(THE DATA Opens)

(* For any $F\in\mathscr{F}_2$ and $i\in[F]$, the map $f_i$ is injective.
   Context: $\mathcal{S}$ is a finite source alphabet with $|\mathcal{S}|\ge 2$ and $\mathcal{C}=\{0,1\}$; $\mathcal{A}^k,\mathcal{A}^{\ast},\mathcal{A}^{+}$ are sequences of length $k$, finite, positive finite length; $\lambda$ empty sequence; $\preceq$ prefix, $\prec$ proper prefix; $\mathrm{suff}(x_1\cdots x_n)=x_2\cdots x_n$. A code-tuple $F$ with $m\ge1$ code tables consists of maps $f_i:\mathcal{S}\to\mathcal{C}^{\ast}$ and $\tau_i:\mathcal{S}\to\{0,\dots,m-1\}$, $i\in[F]=\{0,\dots,m-1\}$. $f_i^{\ast}(\lambda)=\lambda$, $f_i^{\ast}(\pmb{x})=f_i(x_1)f^{\ast}_{\tau_i(x_1)}(\mathrm{suff}(\pmb{x}))$. For integer $k\ge0$, $\pmb{b}\in\mathcal{C}^{\ast}$: $\mathcal{P}^k_{F,i}(\pmb{b})$ is the set of $\pmb{c}\in\mathcal{C}^k$ such that some $\pmb{x}=x_1\cdots x_n\in\mathcal{S}^{+}$ has $f_i^{\ast}(\pmb{x})\succeq\pmb{b}\pmb{c}$ and $f_i(x_1)\succeq\pmb{b}$; $\bar{\mathcal{P}}^k_{F,i}(\pmb{b})$ the same with $f_i(x_1)\succ\pmb{b}$; $\mathcal{P}^k_{F,i}=\mathcal{P}^k_{F,i}(\lambda)$. $F\in\mathscr{F}_{2\text{-}\mathrm{dec}}$ if $\mathcal{P}^2_{F,\tau_i(s)}\cap\bar{\mathcal{P}}^2_{F,i}(f_i(s))=\emptyset$ for all $i,s$, and $\mathcal{P}^2_{F,\tau_i(s)}\cap\mathcal{P}^2_{F,\tau_i(s')}=\emptyset$ whenever $s\ne s'$, $f_i(s)=f_i(s')$. Fix $\mu:\mathcal{S}\to(0,1]$ with $\sum_s\mu(s)=1$; $Q_{i,j}(F)=\sum_{s:\tau_i(s)=j}\mu(s)$; $F\in\mathscr{F}_{\mathrm{reg}}$ if $\pmb{\pi}Q(F)=\pmb{\pi}$, $\sum_i\pi_i=1$ has a unique solution. $\mathscr{F}_2=\{F\in\mathscr{F}_{\mathrm{reg}}\cap\mathscr{F}_{2\text{-}\mathrm{dec}}:|\mathcal{P}^2_{F,i}|\ge3\ \forall i\in[F]\}$. *)

theory Defs
  imports Complex_Main "HOL-Library.Sublist"
begin

text \<open>Source alphabet: a finite type 'a. Code alphabet {0,1}: bool.
 A code-tuple with m code tables: m, f :: nat => 'a => bool list, tau :: nat => 'a => nat;
 table indices are [F] = {0..<m}.\<close>

definition code_tuple :: "nat \<Rightarrow> (nat \<Rightarrow> 'a \<Rightarrow> bool list) \<Rightarrow> (nat \<Rightarrow> 'a \<Rightarrow> nat) \<Rightarrow> bool" where
  "code_tuple m f \<tau> \<longleftrightarrow> m \<ge> 1 \<and> (\<forall>i<m. \<forall>s. \<tau> i s < m)"

fun fstar :: "(nat \<Rightarrow> 'a \<Rightarrow> bool list) \<Rightarrow> (nat \<Rightarrow> 'a \<Rightarrow> nat) \<Rightarrow> nat \<Rightarrow> 'a list \<Rightarrow> bool list" where
  "fstar f \<tau> i [] = []"
| "fstar f \<tau> i (x # xs) = f i x @ fstar f \<tau> (\<tau> i x) xs"

definition Pset :: "(nat \<Rightarrow> 'a \<Rightarrow> bool list) \<Rightarrow> (nat \<Rightarrow> 'a \<Rightarrow> nat) \<Rightarrow> nat \<Rightarrow> nat \<Rightarrow> bool list \<Rightarrow> bool list set" where
  "Pset f \<tau> k i b = {c. length c = k \<and> (\<exists>x. x \<noteq> [] \<and> prefix (b @ c) (fstar f \<tau> i x) \<and> prefix b (f i (hd x)))}"

definition Pbar :: "(nat \<Rightarrow> 'a \<Rightarrow> bool list) \<Rightarrow> (nat \<Rightarrow> 'a \<Rightarrow> nat) \<Rightarrow> nat \<Rightarrow> nat \<Rightarrow> bool list \<Rightarrow> bool list set" where
  "Pbar f \<tau> k i b = {c. length c = k \<and> (\<exists>x. x \<noteq> [] \<and> prefix (b @ c) (fstar f \<tau> i x) \<and> strict_prefix b (f i (hd x)))}"

definition two_dec :: "nat \<Rightarrow> (nat \<Rightarrow> 'a \<Rightarrow> bool list) \<Rightarrow> (nat \<Rightarrow> 'a \<Rightarrow> nat) \<Rightarrow> bool" where
  "two_dec m f \<tau> \<longleftrightarrow>
     (\<forall>i<m. \<forall>s. Pset f \<tau> 2 (\<tau> i s) [] \<inter> Pbar f \<tau> 2 i (f i s) = {}) \<and>
     (\<forall>i<m. \<forall>s s'. s \<noteq> s' \<and> f i s = f i s' \<longrightarrow> Pset f \<tau> 2 (\<tau> i s) [] \<inter> Pset f \<tau> 2 (\<tau> i s') [] = {})"

definition Qmat :: "('a::finite \<Rightarrow> real) \<Rightarrow> (nat \<Rightarrow> 'a \<Rightarrow> nat) \<Rightarrow> nat \<Rightarrow> nat \<Rightarrow> real" where
  "Qmat \<mu> \<tau> i j = (\<Sum>s\<in>{s. \<tau> i s = j}. \<mu> s)"

text \<open>Regularity: pi Q = pi, sum pi = 1 has a unique solution pi in R^[F]
 (vectors represented as functions nat => real vanishing outside {0..<m}).\<close>
definition regular :: "('a::finite \<Rightarrow> real) \<Rightarrow> nat \<Rightarrow> (nat \<Rightarrow> 'a \<Rightarrow> nat) \<Rightarrow> bool" where
  "regular \<mu> m \<tau> \<longleftrightarrow>
     (\<exists>!\<pi>::nat \<Rightarrow> real. (\<forall>j. m \<le> j \<longrightarrow> \<pi> j = 0) \<and>
        (\<forall>j<m. (\<Sum>i<m. \<pi> i * Qmat \<mu> \<tau> i j) = \<pi> j) \<and> (\<Sum>i<m. \<pi> i) = 1)"

definition in_F2 :: "('a::finite \<Rightarrow> real) \<Rightarrow> nat \<Rightarrow> (nat \<Rightarrow> 'a \<Rightarrow> bool list) \<Rightarrow> (nat \<Rightarrow> 'a \<Rightarrow> nat) \<Rightarrow> bool" where
  "in_F2 \<mu> m f \<tau> \<longleftrightarrow> code_tuple m f \<tau> \<and> regular \<mu> m \<tau> \<and> two_dec m f \<tau> \<and>
     (\<forall>i<m. card (Pset f \<tau> 2 i []) \<ge> 3)"

end

theory Submission
  imports Defs
begin

text \<open>If two symbols shared a codeword in table i, decodability would make the sets of
  2-bit continuations of their successor tables disjoint; each has at least 3 of the only
  4 binary words of length 2, which is impossible.\<close>

lemma finite_bool_lists_length: "finite {c::bool list. length c = k}"
  using finite_lists_length_eq[of "UNIV :: bool set" k] by simp

lemma card_bool_lists_length: "card {c::bool list. length c = k} = 2 ^ k"
  using card_lists_length_eq[of "UNIV :: bool set" k] by simp

lemma Pset_subset_lists_length: "Pset f \<tau> k i b \<subseteq> {c. length c = k}"
  unfolding Pset_def by auto

lemma card_Pset_add_le:
  assumes "Pset f \<tau> k i b \<inter> Pset f \<tau> k j b' = {}"
  shows "card (Pset f \<tau> k i b) + card (Pset f \<tau> k j b') \<le> 2 ^ k"
proof -
  have fin: "finite (Pset f \<tau> k i b)" "finite (Pset f \<tau> k j b')"
    using finite_subset[OF Pset_subset_lists_length finite_bool_lists_length] by blast+
  have "card (Pset f \<tau> k i b) + card (Pset f \<tau> k j b') = card (Pset f \<tau> k i b \<union> Pset f \<tau> k j b')"
    using card_Un_disjoint[OF fin assms] by simp
  also have "\<dots> \<le> card {c::bool list. length c = k}"
    by (intro card_mono finite_bool_lists_length Un_least Pset_subset_lists_length)
  finally show ?thesis by (simp add: card_bool_lists_length)
qed

lemma two_dec_Pset_disjoint:
  assumes "two_dec m f \<tau>" "i < m" "s \<noteq> s'" "f i s = f i s'"
  shows "Pset f \<tau> 2 (\<tau> i s) [] \<inter> Pset f \<tau> 2 (\<tau> i s') [] = {}"
  using assms unfolding two_dec_def by blast

theorem lemma23:
  fixes \<mu> :: "'a::finite \<Rightarrow> real"
    and f :: "nat \<Rightarrow> 'a \<Rightarrow> bool list" and \<tau> :: "nat \<Rightarrow> 'a \<Rightarrow> nat" and m i :: nat
  assumes "card (UNIV :: 'a set) \<ge> 2"
    and "\<forall>s. 0 < \<mu> s \<and> \<mu> s \<le> 1" and "(\<Sum>s\<in>UNIV. \<mu> s) = 1"
    and "in_F2 \<mu> m f \<tau>"
    and "i < m"
  shows "inj (f i)"
proof (rule injI, rule ccontr)
  fix s s' assume eq: "f i s = f i s'" and ne: "s \<noteq> s'"
  have tuple: "code_tuple m f \<tau>" and dec: "two_dec m f \<tau>"
    and big: "\<forall>j<m. card (Pset f \<tau> 2 j []) \<ge> 3"
    using assms(4) unfolding in_F2_def by auto
  have "\<tau> i s < m" "\<tau> i s' < m"
    using tuple \<open>i < m\<close> unfolding code_tuple_def by auto
  then have "card (Pset f \<tau> 2 (\<tau> i s) []) \<ge> 3" "card (Pset f \<tau> 2 (\<tau> i s') []) \<ge> 3"
    using big by blast+
  moreover have "card (Pset f \<tau> 2 (\<tau> i s) []) + card (Pset f \<tau> 2 (\<tau> i s') []) \<le> 4"
    using card_Pset_add_le[OF two_dec_Pset_disjoint[OF dec \<open>i < m\<close> ne eq]] by simp
  ultimately show False by linarith
qed

end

(THE DATA Closes)

**YOUR GOAL:**
Set down exactly the lines of the data above, beginning with the line that has "(\<forall>j<m. (\<Sum>i<m. \<pi>" and ending with the line that has "using finite_subset[OF Pset_subset_lists_length", and no others.

**TASK OUTPUT:**
        (\<forall>j<m. (\<Sum>i<m. \<pi> i * Qmat \<mu> \<tau> i j) = \<pi> j) \<and> (\<Sum>i<m. \<pi> i) = 1)"

definition in_F2 :: "('a::finite \<Rightarrow> real) \<Rightarrow> nat \<Rightarrow> (nat \<Rightarrow> 'a \<Rightarrow> bool list) \<Rightarrow> (nat \<Rightarrow> 'a \<Rightarrow> nat) \<Rightarrow> bool" where
  "in_F2 \<mu> m f \<tau> \<longleftrightarrow> code_tuple m f \<tau> \<and> regular \<mu> m \<tau> \<and> two_dec m f \<tau> \<and>
     (\<forall>i<m. card (Pset f \<tau> 2 i []) \<ge> 3)"

end

theory Submission
  imports Defs
begin

text \<open>If two symbols shared a codeword in table i, decodability would make the sets of
  2-bit continuations of their successor tables disjoint; each has at least 3 of the only
  4 binary words of length 2, which is impossible.\<close>

lemma finite_bool_lists_length: "finite {c::bool list. length c = k}"
  using finite_lists_length_eq[of "UNIV :: bool set" k] by simp

lemma card_bool_lists_length: "card {c::bool list. length c = k} = 2 ^ k"
  using card_lists_length_eq[of "UNIV :: bool set" k] by simp

lemma Pset_subset_lists_length: "Pset f \<tau> k i b \<subseteq> {c. length c = k}"
  unfolding Pset_def by auto

lemma card_Pset_add_le:
  assumes "Pset f \<tau> k i b \<inter> Pset f \<tau> k j b' = {}"
  shows "card (Pset f \<tau> k i b) + card (Pset f \<tau> k j b') \<le> 2 ^ k"
proof -
  have fin: "finite (Pset f \<tau> k i b)" "finite (Pset f \<tau> k j b')"
    using finite_subset[OF Pset_subset_lists_length finite_bool_lists_length] by blast+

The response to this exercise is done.